== The records ==

lemma half_trek_reach_eq:
  assumes mg: "mixed_graph m D B" and v: "v \<in> {1..m}"
  shows "half_trek_reach m D B v = {v} \<union> sib B v \<union> htr m D B v"
proof
  show "half_trek_reach m D B v \<subseteq> {v} \<union> sib B v \<union> htr m D B v"
  proof
    fix w assume w: "w \<in> half_trek_reach m D B v"
    then obtain t where "is_half_trek m D B t" "trek_source t = v" "trek_target t = w"
      by (auto simp: half_trek_reach_def)
    moreover from this have "w \<in> {1..m}"
      using trek_target_in_range unfolding is_half_trek_def by blast
    ultimately show "w \<in> {v} \<union> sib B v \<union> htr m D B v"
      unfolding htr_def by blast
  qed
next
  have "v \<in> half_trek_reach m D B v"
  proof -
    have "is_half_trek m D B (False, [v], [v])"
      using v by (simp add: is_half_trek_def is_trek_def trek_left_def dwalk_def)
    then show ?thesis by (force simp: half_trek_reach_def trek_source_def trek_target_def)
  qed
  moreover have "w \<in> half_trek_reach m D B v" if "w \<in> sib B v" for w
  proof -
    have "(v, w) \<in> B" and "w \<in> {1..m}"
      using that mg by (auto simp: sib_def mixed_graph_def sym_def)
    then have "is_half_trek m D B (True, [v], [w])"
      using v by (simp add: is_half_trek_def is_trek_def trek_left_def dwalk_def)
    then show ?thesis by (force simp: half_trek_reach_def trek_source_def trek_target_def)
  qed
  moreover have "htr m D B v \<subseteq> half_trek_reach m D B v"
    by (auto simp: htr_def half_trek_reach_def)
  ultimately show "{v} \<union> sib B v \<union> htr m D B v \<subseteq> half_trek_reach m D B v"
    by blast
qed

(* The Left side of a trek is a directed walk from its top to its source, so a trek
   whose top is half-trek reachable from v has a half-trek reachable source. *)
lemma trek_source_reach:
  assumes "is_trek m D B t" and "trek_top t \<in> half_trek_reach m D B v"
  shows "trek_source t \<in> half_trek_reach m D B v"
proof -
  obtain b ls rs where t: "t = (b, ls, rs)" by (cases t)
  show ?thesis
    using half_trek_reach_dwalk[of D ls m B v] assms
    by (simp add: t is_trek_def trek_top_def trek_source_def)
qed

lemma card_system_of_treks:
  assumes "system_of_treks T X Y"
  shows "card X = card Y"
  using assms card_image unfolding system_of_treks_def by metis

(* Without sided intersection, distinct treks have disjoint Left sides, hence distinct
   tops. *)
lemma trek_top_inj_on:
  assumes treks: "\<forall>t\<in>T. is_trek m D B t" and nsi: "no_sided_intersection T"
  shows "inj_on trek_top T"
proof (rule inj_onI)
  fix t t' assume t: "t \<in> T" and t': "t' \<in> T" and top: "trek_top t = trek_top t'"
  have "trek_top t \<in> trek_left t" using treks t by (blast intro: trek_top_in_left)
  moreover have "trek_top t \<in> trek_left t'" using treks t' top by (metis trek_top_in_left)
  ultimately have "trek_left t \<inter> trek_left t' \<noteq> {}" by blast
  then show "t = t'"
    using nsi t t' unfolding no_sided_intersection_def by blast
qed
lemma hereditarily_disconnected_vietoris_if_collapse:
  assumes "Hausdorff_space X" "compactin X T"
    and "totally_disconnected_space (subtopology X (topspace X - T))"
    and "totally_disconnected_space (subtopology X T)"
    and "hereditarily_disconnected (collapse_topology X T)"
  shows "hereditarily_disconnected (vietoris X)"
  unfolding hereditarily_disconnected_def
proof (intro allI impI)
  fix \<C> assume "connectedin (vietoris X) \<C> \<and> \<C> \<noteq> {}"
  then have conn: "connectedin (vietoris X) \<C>" and "\<C> \<noteq> {}" by blast+
  have "K - T \<subseteq> L" if "K \<in> \<C>" "L \<in> \<C>" for K L
    using vietoris_connectedin_diff_subset[OF assms(1-3,5) conn that] .
  then have "K \<subseteq> L" if "K \<in> \<C>" "L \<in> \<C>" for K L
    using vietoris_connectedin_Int_subset[OF assms(1,2,4) conn that] that by blast
  then show "\<exists>K. \<C> = {K}"
    using \<open>\<C> \<noteq> {}\<close> by blast
qed

theorem corollary5p6:
  fixes X :: "'a topology" and Y T :: "'a set"
  assumes "Hausdorff_space X"
    and "topspace X = Y \<union> T"
    and "totally_disconnected_space (subtopology X Y)"
    and "totally_disconnected_space (subtopology X T)"
    and "compactin X T"
  shows "hereditarily_disconnected (vietoris X) \<longleftrightarrow>
         hereditarily_disconnected (collapse_topology X T)"
proof
  assume "hereditarily_disconnected (vietoris X)"
  then show "hereditarily_disconnected (collapse_topology X T)"
    by (rule hereditarily_disconnected_collapse_if_vietoris[OF assms(5)])
next
  assume "hereditarily_disconnected (collapse_topology X T)"
  moreover have "subtopology X (topspace X - T) = subtopology (subtopology X Y) (topspace X - T)"
    using assms(2) by (simp add: subtopology_subtopology Int_absorb1 Diff_subset_conv)
  then have "totally_disconnected_space (subtopology X (topspace X - T))"
    using totally_disconnected_space_subtopology[OF assms(3)] by simp
  ultimately show "hereditarily_disconnected (vietoris X)"
    using hereditarily_disconnected_vietoris_if_collapse assms(1,4,5) by blast
qed

end
(* Let $q\in\mathbb{C}^\times$ with $q^2\ne\pm1$, $n\ge2$, $\mathbf{Q}\in\mathbb{C}^{n-1}$. Then the algebra $U_q(\mathfrak{sl}_n^{\langle\mathbf{Q}\rangle}[x])$ is generated by the elements $X^{\pm}_{i,0}$, $J_{i,1}$, $K_i^{\pm}$ for $i\in\{1,\dots,n-1\}$.
   Context: Let $I=\{1,\dots,n-1\}$, $(a_{ij})$ the Cartan matrix of type $A_{n-1}$, $[k]=(q^k-q^{-k})/(q-q^{-1})$, $[x,y]=xy-yx$. For $\mathbf{Q}=(Q_1,\dots,Q_{n-1})$, $U_q(\mathfrak{sl}_n^{\langle\mathbf{Q}\rangle}[x])$ is the $\mathbb{C}$-algebra with generators $X^{\pm}_{i,t},J_{i,t},K_i^{\pm}$ ($i\in I,t\ge0$) and relations: all $K_i^+$, $J_{j,t}$ pairwise commute; $K_i^+K_i^-=1=K_i^-K_i^+$; $(K_i^-)^2=1-(q-q^{-1})J_{i,0}$; $X^{\pm}_{i,t+1}X^{\pm}_{j,s}-q^{\pm a_{ij}}X^{\pm}_{j,s}X^{\pm}_{i,t+1}=q^{\pm a_{ij}}X^{\pm}_{i,t}X^{\pm}_{j,s+1}-X^{\pm}_{j,s+1}X^{\pm}_{i,t}$; $K_i^+X^{\pm}_{j,t}K_i^-=q^{\pm a_{ij}}X^{\pm}_{j,t}$; $q^{\pm a_{ij}}J_{i,0}X^{\pm}_{j,t}-q^{\mp a_{ij}}X^{\pm}_{j,t}J_{i,0}=[\pm a_{ij}]X^{\pm}_{j,t}$; $[J_{i,s+1},X^{\pm}_{j,t}]=q^{\pm a_{ij}}J_{i,s}X^{\pm}_{j,t+1}-q^{\mp a_{ij}}X^{\pm}_{j,t+1}J_{i,s}$; $[X^+_{i,t},X^-_{j,s}]=\delta_{ij}K_i^+(J_{i,s+t}-Q_iJ_{i,s+t+1})$; $[X^\pm_{i,t},X^\pm_{j,s}]=0$ if $j\ne i,i\pm1$; $X^{\pm}_{i\pm1,u}(X^{\pm}_{i,s}X^{\pm}_{i,t}+X^{\pm}_{i,t}X^{\pm}_{i,s})+(X^{\pm}_{i,s}X^{\pm}_{i,t}+X^{\pm}_{i,t}X^{\pm}_{i,s})X^{\pm}_{i\pm1,u}=(q+q^{-1})(X^{\pm}_{i,s}X^{\pm}_{i\pm1,u}X^{\pm}_{i,t}+X^{\pm}_{i,t}X^{\pm}_{i\pm1,u}X^{\pm}_{i,s})$. *)

theory Defs
  imports Complex_Main
begin

definition cartanA :: "nat \<Rightarrow> nat \<Rightarrow> int" where
  "cartanA i j = (if i = j then 2 else if i = j + 1 \<or> j = i + 1 then -1 else 0)"

definition qint :: "complex \<Rightarrow> int \<Rightarrow> complex" where
  "qint q k = (q powi k - q powi (-k)) / (q - inverse q)"

text \<open>A (unital, associative) complex algebra: a ring 'a together with a
  ring homomorphism sc from the complex numbers into the centre of 'a.\<close>
definition is_calg :: "(complex \<Rightarrow> 'a::ring_1) \<Rightarrow> bool" where
  "is_calg sc \<longleftrightarrow> sc 1 = 1 \<and> (\<forall>a b. sc (a + b) = sc a + sc b)
     \<and> (\<forall>a b. sc (a * b) = sc a * sc b) \<and> (\<forall>a x. sc a * x = x * sc a)"

inductive_set subalg :: "(complex \<Rightarrow> 'a::ring_1) \<Rightarrow> 'a set \<Rightarrow> 'a set"
  for sc :: "complex \<Rightarrow> 'a" and S :: "'a set" where
  gen: "x \<in> S \<Longrightarrow> x \<in> subalg sc S"
| scal: "sc c \<in> subalg sc S"
| add: "x \<in> subalg sc S \<Longrightarrow> y \<in> subalg sc S \<Longrightarrow> x + y \<in> subalg sc S"
| mult: "x \<in> subalg sc S \<Longrightarrow> y \<in> subalg sc S \<Longrightarrow> x * y \<in> subalg sc S"

text \<open>Sign-dependent generators: e = True stands for +, e = False for -.\<close>
definition sgn_pm :: "bool \<Rightarrow> int" where
  "sgn_pm e = (if e then 1 else -1)"

definition Xpm :: "bool \<Rightarrow> (nat \<Rightarrow> nat \<Rightarrow> 'a) \<Rightarrow> (nat \<Rightarrow> nat \<Rightarrow> 'a) \<Rightarrow> nat \<Rightarrow> nat \<Rightarrow> 'a" where
  "Xpm e Xp Xm = (if e then Xp else Xm)"

text \<open>The defining relations of U_q(sl_n^<Q>[x]), for elements
  Xp i t = X^+_{i,t}, Xm i t = X^-_{i,t}, J i t = J_{i,t}, Kp i = K_i^+, Km i = K_i^-
  of a complex algebra (indices i in {1..n-1}, t >= 0).\<close>
definition usl_rels ::
  "(complex \<Rightarrow> 'a::ring_1) \<Rightarrow> complex \<Rightarrow> nat \<Rightarrow> (nat \<Rightarrow> complex) \<Rightarrow>
   (nat \<Rightarrow> nat \<Rightarrow> 'a) \<Rightarrow> (nat \<Rightarrow> nat \<Rightarrow> 'a) \<Rightarrow> (nat \<Rightarrow> nat \<Rightarrow> 'a) \<Rightarrow>
   (nat \<Rightarrow> 'a) \<Rightarrow> (nat \<Rightarrow> 'a) \<Rightarrow> bool" where
  "usl_rels sc q n Q Xp Xm J Kp Km \<longleftrightarrow>
   (let I = {1..n-1}; a = cartanA; X = (\<lambda>e. Xpm e Xp Xm) in
   (\<forall>i\<in>I. \<forall>j\<in>I. Kp i * Kp j = Kp j * Kp i) \<and>
   (\<forall>i\<in>I. \<forall>j\<in>I. \<forall>t. Kp i * J j t = J j t * Kp i) \<and>
   (\<forall>i\<in>I. \<forall>j\<in>I. \<forall>s t. J i s * J j t = J j t * J i s) \<and>
   (\<forall>i\<in>I. Kp i * Km i = 1 \<and> Km i * Kp i = 1) \<and>
   (\<forall>i\<in>I. (Km i)^2 = 1 - sc (q - inverse q) * J i 0) \<and>
   (\<forall>e. \<forall>i\<in>I. \<forall>j\<in>I. \<forall>t s.
      X e i (t+1) * X e j s - sc (q powi (sgn_pm e * a i j)) * X e j s * X e i (t+1)
      = sc (q powi (sgn_pm e * a i j)) * X e i t * X e j (s+1) - X e j (s+1) * X e i t) \<and>
   (\<forall>e. \<forall>i\<in>I. \<forall>j\<in>I. \<forall>t.
      Kp i * X e j t * Km i = sc (q powi (sgn_pm e * a i j)) * X e j t) \<and>
   (\<forall>e. \<forall>i\<in>I. \<forall>j\<in>I. \<forall>t.
      sc (q powi (sgn_pm e * a i j)) * J i 0 * X e j t
        - sc (q powi (- sgn_pm e * a i j)) * X e j t * J i 0
      = sc (qint q (sgn_pm e * a i j)) * X e j t) \<and>
   (\<forall>e. \<forall>i\<in>I. \<forall>j\<in>I. \<forall>s t.
      J i (s+1) * X e j t - X e j t * J i (s+1)
      = sc (q powi (sgn_pm e * a i j)) * J i s * X e j (t+1)
        - sc (q powi (- sgn_pm e * a i j)) * X e j (t+1) * J i s) \<and>
   (\<forall>i\<in>I. \<forall>j\<in>I. \<forall>t s.
      Xp i t * Xm j s - Xm j s * Xp i t
      = (if i = j then Kp i * (J i (s+t) - sc (Q i) * J i (s+t+1)) else 0)) \<and>
   (\<forall>e. \<forall>i\<in>I. \<forall>j\<in>I. \<forall>t s. j \<noteq> i \<and> j \<noteq> i + 1 \<and> j + 1 \<noteq> i \<longrightarrow>
      X e i t * X e j s - X e j s * X e i t = 0) \<and>
   (\<forall>e. \<forall>i\<in>I. \<forall>j\<in>I. \<forall>s t u. (j = i + 1 \<or> j + 1 = i) \<longrightarrow>
      X e j u * (X e i s * X e i t + X e i t * X e i s)
        + (X e i s * X e i t + X e i t * X e i s) * X e j u
      = sc (q + inverse q) * (X e i s * X e j u * X e i t + X e i t * X e j u * X e i s)))"

end

theory Submission
  imports Defs
begin

text \<open>
  Since q - q^-1 is invertible, the relation for the square of K_i^- expresses J_{i,0}
  through K_i^-. The relation [J_{i,1}, X^\<plusminus>_{i,t}] = [\<plusminus>2] X^\<plusminus>_{i,t+1}, where
  [\<plusminus>2] = \<plusminus>(q + q^-1) is nonzero because q^2 \<noteq> -1, produces all X^\<plusminus>_{i,t} from
  X^\<plusminus>_{i,0}. Finally K_i^- [X^+_{i,t}, X^-_{i,0}] = J_{i,t} - Q_i J_{i,t+1} produces every
  J_{i,t}: directly if Q_i = 0, and by induction on t starting from J_{i,0} otherwise.
\<close>

lemma qint_uminus: "qint q (- k) = - qint q k"
  by (simp add: qint_def minus_divide_left)

lemma qint_two:
  assumes "q \<noteq> 0" "q\<^sup>2 \<noteq> 1"
  shows "qint q 2 = q + inverse q"
proof -
  have "q - inverse q \<noteq> 0"
    using assms by (auto simp: field_simps power2_eq_square)
  moreover have "q\<^sup>2 - inverse (q\<^sup>2) = (q + inverse q) * (q - inverse q)"
    using assms(1) by (simp add: field_simps power2_eq_square)
  ultimately show ?thesis
    by (simp add: qint_def power_int_minus)
qed

lemma qint_two_nonzero:
  assumes "q \<noteq> 0" "q\<^sup>2 \<noteq> 1" "q\<^sup>2 \<noteq> -1"
  shows "qint q 2 \<noteq> 0"
proof -
  have "q + inverse q \<noteq> 0"
  proof
    assume "q + inverse q = 0"
    then have "q * q + 1 = 0"
      using assms(1) by (simp add: field_simps)
    then have "q\<^sup>2 = -1"
      by (simp add: power2_eq_square eq_neg_iff_add_eq_0)
    with assms(3) show False
      by contradiction
  qed
  with qint_two[OF assms(1,2)] show ?thesis
    by simp
qed

lemma is_calg_scalar_simps:
  assumes "is_calg sc"
  shows "sc 0 = 0" "sc 1 = 1" "sc (- a) = - sc a"
    "sc (a + b) = sc a + sc b" "sc (a * b) = sc a * sc b"
proof -
  show "sc 1 = 1" "sc (a + b) = sc a + sc b" "sc (a * b) = sc a * sc b"
    using assms unfolding is_calg_def by blast+
  have "sc (0 + 0) = sc 0 + sc 0"
    using assms unfolding is_calg_def by blast
  then show zero: "sc 0 = 0"
    by simp
  have "sc (- a + a) = sc (- a) + sc a"
    using assms unfolding is_calg_def by blast
  then show "sc (- a) = - sc a"
    using zero by (simp add: eq_neg_iff_add_eq_0)
qed

lemma subalg_one:
  assumes "is_calg sc"
  shows "1 \<in> subalg sc S"
  using subalg.scal[of sc 1 S] is_calg_scalar_simps[OF assms] by simp

lemma subalg_smult:
  "x \<in> subalg sc S \<Longrightarrow> sc c * x \<in> subalg sc S"
  by (simp add: subalg.mult subalg.scal)

lemma subalg_smult_cancel:
  assumes "is_calg sc" "c \<noteq> 0" "sc c * x \<in> subalg sc S"
  shows "x \<in> subalg sc S"
proof -
  have "sc (inverse c) * (sc c * x) = sc (inverse c * c) * x"
    using is_calg_scalar_simps[OF assms(1)] by (simp add: mult.assoc)
  also have "\<dots> = x"
    using assms(2) is_calg_scalar_simps[OF assms(1)] by simp
  finally show ?thesis
    using subalg_smult[OF assms(3)] by metis
qed

lemma subalg_diff:
  assumes "is_calg sc" "x \<in> subalg sc S" "y \<in> subalg sc S"
  shows "x - y \<in> subalg sc S"
proof -
  have "x - y = x + sc (-1) * y"
    using is_calg_scalar_simps[OF assms(1)] by simp
  also have "\<dots> \<in> subalg sc S"
    using assms(2,3) by (intro subalg.add subalg_smult)
  finally show ?thesis .
qed

lemma subalg_commutator:
  assumes "is_calg sc" "x \<in> subalg sc S" "y \<in> subalg sc S"
  shows "x * y - y * x \<in> subalg sc S"
  using assms by (simp add: subalg_diff subalg.mult)

locale usl_algebra =
  fixes sc :: "complex \<Rightarrow> 'a::ring_1"
    and q :: complex and n :: nat and Q :: "nat \<Rightarrow> complex"
    and Xp Xm J :: "nat \<Rightarrow> nat \<Rightarrow> 'a" and Kp Km :: "nat \<Rightarrow> 'a"
  assumes calg: "is_calg sc"
    and rels: "usl_rels sc q n Q Xp Xm J Kp Km"
begin

abbreviation X :: "bool \<Rightarrow> nat \<Rightarrow> nat \<Rightarrow> 'a" where
  "X e \<equiv> Xpm e Xp Xm"

lemma Kp_Km_inverse:
  "\<forall>i\<in>{1..n-1}. Kp i * Km i = 1 \<and> Km i * Kp i = 1"
  using rels unfolding usl_rels_def Let_def by (elim conjE) assumption

lemma Km_square:
  "\<forall>i\<in>{1..n-1}. (Km i)\<^sup>2 = 1 - sc (q - inverse q) * J i 0"
  using rels unfolding usl_rels_def Let_def by (elim conjE) assumption

lemma J_zero_X_relation:
  "\<forall>e. \<forall>i\<in>{1..n-1}. \<forall>j\<in>{1..n-1}. \<forall>t.
      sc (q powi (sgn_pm e * cartanA i j)) * J i 0 * X e j t
        - sc (q powi (- sgn_pm e * cartanA i j)) * X e j t * J i 0
      = sc (qint q (sgn_pm e * cartanA i j)) * X e j t"
  using rels unfolding usl_rels_def Let_def by (elim conjE) assumption

lemma J_X_relation:
  "\<forall>e. \<forall>i\<in>{1..n-1}. \<forall>j\<in>{1..n-1}. \<forall>s t.
      J i (s+1) * X e j t - X e j t * J i (s+1)
      = sc (q powi (sgn_pm e * cartanA i j)) * J i s * X e j (t+1)
        - sc (q powi (- sgn_pm e * cartanA i j)) * X e j (t+1) * J i s"
  using rels unfolding usl_rels_def Let_def by (elim conjE) assumption

lemma Xp_Xm_relation:
  "\<forall>i\<in>{1..n-1}. \<forall>j\<in>{1..n-1}. \<forall>t s.
      Xp i t * Xm j s - Xm j s * Xp i t
      = (if i = j then Kp i * (J i (s+t) - sc (Q i) * J i (s+t+1)) else 0)"
  using rels unfolding usl_rels_def Let_def by (elim conjE) assumption

lemma J_X_commutator:
  assumes "i \<in> {1..n-1}"
  shows "J i 1 * X e i t - X e i t * J i 1 = sc (qint q (2 * sgn_pm e)) * X e i (t + 1)"
proof -
  have "J i (0 + 1) * X e i t - X e i t * J i (0 + 1)
      = sc (q powi (sgn_pm e * cartanA i i)) * J i 0 * X e i (t + 1)
        - sc (q powi (- sgn_pm e * cartanA i i)) * X e i (t + 1) * J i 0"
    using J_X_relation assms by blast
  also have "\<dots> = sc (qint q (sgn_pm e * cartanA i i)) * X e i (t + 1)"
    using J_zero_X_relation assms by blast
  finally show ?thesis
    by (simp add: cartanA_def mult.commute)
qed

lemma Km_Xp_Xm_commutator:
  assumes "i \<in> {1..n-1}"
  shows "Km i * (Xp i t * Xm i 0 - Xm i 0 * Xp i t) = J i t - sc (Q i) * J i (t + 1)"
proof -
  have "Xp i t * Xm i 0 - Xm i 0 * Xp i t = Kp i * (J i t - sc (Q i) * J i (t + 1))"
    using Xp_Xm_relation assms by simp
  then show ?thesis
    using Kp_Km_inverse assms by (simp flip: mult.assoc)
qed

context
  fixes i S
  assumes i: "i \<in> {1..n-1}"
    and generators: "{Xp i 0, Xm i 0, J i 1, Kp i, Km i} \<subseteq> subalg sc S"
begin

lemma J_zero_mem_subalg:
  assumes "q \<noteq> 0" "q\<^sup>2 \<noteq> 1"
  shows "J i 0 \<in> subalg sc S"
proof (rule subalg_smult_cancel[OF calg])
  show "q - inverse q \<noteq> 0"
    using assms by (auto simp: field_simps power2_eq_square)
  have "sc (q - inverse q) * J i 0 = 1 - Km i * Km i"
    using Km_square i by (simp add: power2_eq_square)
  also have "\<dots> \<in> subalg sc S"
    using generators by (simp add: subalg_diff subalg_one subalg.mult calg)
  finally show "sc (q - inverse q) * J i 0 \<in> subalg sc S" .
qed

lemma X_mem_subalg:
  assumes "q \<noteq> 0" "q\<^sup>2 \<noteq> 1" "q\<^sup>2 \<noteq> -1"
  shows "X e i t \<in> subalg sc S"
proof (induction t)
  case 0
  then show ?case
    using generators by (simp add: Xpm_def)
next
  case (Suc t)
  have "qint q (2 * sgn_pm e) \<noteq> 0"
    using qint_two_nonzero[OF assms] by (simp add: sgn_pm_def qint_uminus)
  moreover have "sc (qint q (2 * sgn_pm e)) * X e i (Suc t) \<in> subalg sc S"
    using J_X_commutator[OF i, of e t] generators subalg_commutator[OF calg _ Suc, of "J i 1"]
    by simp
  ultimately show ?case
    by (rule subalg_smult_cancel[OF calg])
qed

lemma J_mem_subalg:
  assumes "q \<noteq> 0" "q\<^sup>2 \<noteq> 1" "q\<^sup>2 \<noteq> -1"
  shows "J i t \<in> subalg sc S"
proof -
  have commutator_mem: "J i t - sc (Q i) * J i (t + 1) \<in> subalg sc S" for t
  proof -
    have "Xp i t \<in> subalg sc S" "Xm i 0 \<in> subalg sc S"
      using X_mem_subalg[OF assms, of True] X_mem_subalg[OF assms, of False]
      by (simp_all add: Xpm_def)
    then show ?thesis
      using Km_Xp_Xm_commutator[OF i, of t] generators
      by (metis insert_subset subalg.mult subalg_commutator[OF calg])
  qed
  show ?thesis
  proof (cases "Q i = 0")
    case True
    then show ?thesis
      using commutator_mem[of t] is_calg_scalar_simps(1)[OF calg] by simp
  next
    case False
    show ?thesis
    proof (induction t)
      case 0
      show ?case
        using J_zero_mem_subalg[OF assms(1,2)] .
    next
      case (Suc t)
      have "sc (Q i) * J i (t + 1) = J i t - (J i t - sc (Q i) * J i (t + 1))"
        by simp
      also have "\<dots> \<in> subalg sc S"
        using Suc commutator_mem by (rule subalg_diff[OF calg])
      finally show ?case
        using subalg_smult_cancel[OF calg False] by simp
    qed
  qed
qed

end

end

theorem mainTheorem5:
  fixes sc :: "complex \<Rightarrow> 'a::ring_1"
    and q :: complex and n :: nat and Q :: "nat \<Rightarrow> complex"
    and Xp Xm J :: "nat \<Rightarrow> nat \<Rightarrow> 'a" and Kp Km :: "nat \<Rightarrow> 'a"
  assumes "q \<noteq> 0" and "q^2 \<noteq> 1" and "q^2 \<noteq> -1" and "n \<ge> 2"
    and "is_calg sc"
    and "usl_rels sc q n Q Xp Xm J Kp Km"
  shows "\<forall>i\<in>{1..n-1}. \<forall>t.
           {Xp i t, Xm i t, J i t, Kp i, Km i} \<subseteq>
           subalg sc ((\<Union>k\<in>{1..n-1}. {Xp k 0, Xm k 0, J k 1, Kp k, Km k}))"
proof (intro ballI allI)
  fix i t
  assume i: "i \<in> {1..n-1}"
  let ?S = "\<Union>k\<in>{1..n-1}. {Xp k 0, Xm k 0, J k 1, Kp k, Km k}"
  interpret usl_algebra sc q n Q Xp Xm J Kp Km
    using assms(5,6) by unfold_locales
  have generators: "{Xp i 0, Xm i 0, J i 1, Kp i, Km i} \<subseteq> subalg sc ?S"
    using i by (auto intro!: subalg.gen)
  note X = X_mem_subalg[OF i generators assms(1-3)]
  show "{Xp i t, Xm i t, J i t, Kp i, Km i} \<subseteq> subalg sc ?S"
    using X[of True t] X[of False t] J_mem_subalg[OF i generators assms(1-3)] generators
    by (simp add: Xpm_def)
qed

end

===

→ **Assigned task**
Of all the entries above, repeat only the lines from the line that has "using subalg.scal[of sc" to the line that has "q (sgn_pm e * cartanA i j))", both lines included, exactly.

→ **Answer**
  using subalg.scal[of sc 1 S] is_calg_scalar_simps[OF assms] by simp

lemma subalg_smult:
  "x \<in> subalg sc S \<Longrightarrow> sc c * x \<in> subalg sc S"
  by (simp add: subalg.mult subalg.scal)

lemma subalg_smult_cancel:
  assumes "is_calg sc" "c \<noteq> 0" "sc c * x \<in> subalg sc S"
  shows "x \<in> subalg sc S"
proof -
  have "sc (inverse c) * (sc c * x) = sc (inverse c * c) * x"
    using is_calg_scalar_simps[OF assms(1)] by (simp add: mult.assoc)
  also have "\<dots> = x"
    using assms(2) is_calg_scalar_simps[OF assms(1)] by simp
  finally show ?thesis
    using subalg_smult[OF assms(3)] by metis
qed

lemma subalg_diff:
  assumes "is_calg sc" "x \<in> subalg sc S" "y \<in> subalg sc S"
  shows "x - y \<in> subalg sc S"
proof -
  have "x - y = x + sc (-1) * y"
    using is_calg_scalar_simps[OF assms(1)] by simp
  also have "\<dots> \<in> subalg sc S"
    using assms(2,3) by (intro subalg.add subalg_smult)
  finally show ?thesis .
qed

lemma subalg_commutator:
  assumes "is_calg sc" "x \<in> subalg sc S" "y \<in> subalg sc S"
  shows "x * y - y * x \<in> subalg sc S"
  using assms by (simp add: subalg_diff subalg.mult)

locale usl_algebra =
  fixes sc :: "complex \<Rightarrow> 'a::ring_1"
    and q :: complex and n :: nat and Q :: "nat \<Rightarrow> complex"
    and Xp Xm J :: "nat \<Rightarrow> nat \<Rightarrow> 'a" and Kp Km :: "nat \<Rightarrow> 'a"
  assumes calg: "is_calg sc"
    and rels: "usl_rels sc q n Q Xp Xm J Kp Km"
begin

abbreviation X :: "bool \<Rightarrow> nat \<Rightarrow> nat \<Rightarrow> 'a" where
  "X e \<equiv> Xpm e Xp Xm"

lemma Kp_Km_inverse:
  "\<forall>i\<in>{1..n-1}. Kp i * Km i = 1 \<and> Km i * Kp i = 1"
  using rels unfolding usl_rels_def Let_def by (elim conjE) assumption

lemma Km_square:
  "\<forall>i\<in>{1..n-1}. (Km i)\<^sup>2 = 1 - sc (q - inverse q) * J i 0"
  using rels unfolding usl_rels_def Let_def by (elim conjE) assumption

lemma J_zero_X_relation:
  "\<forall>e. \<forall>i\<in>{1..n-1}. \<forall>j\<in>{1..n-1}. \<forall>t.
      sc (q powi (sgn_pm e * cartanA i j)) * J i 0 * X e j t
        - sc (q powi (- sgn_pm e * cartanA i j)) * X e j t * J i 0
      = sc (qint q (sgn_pm e * cartanA i j)) * X e j t"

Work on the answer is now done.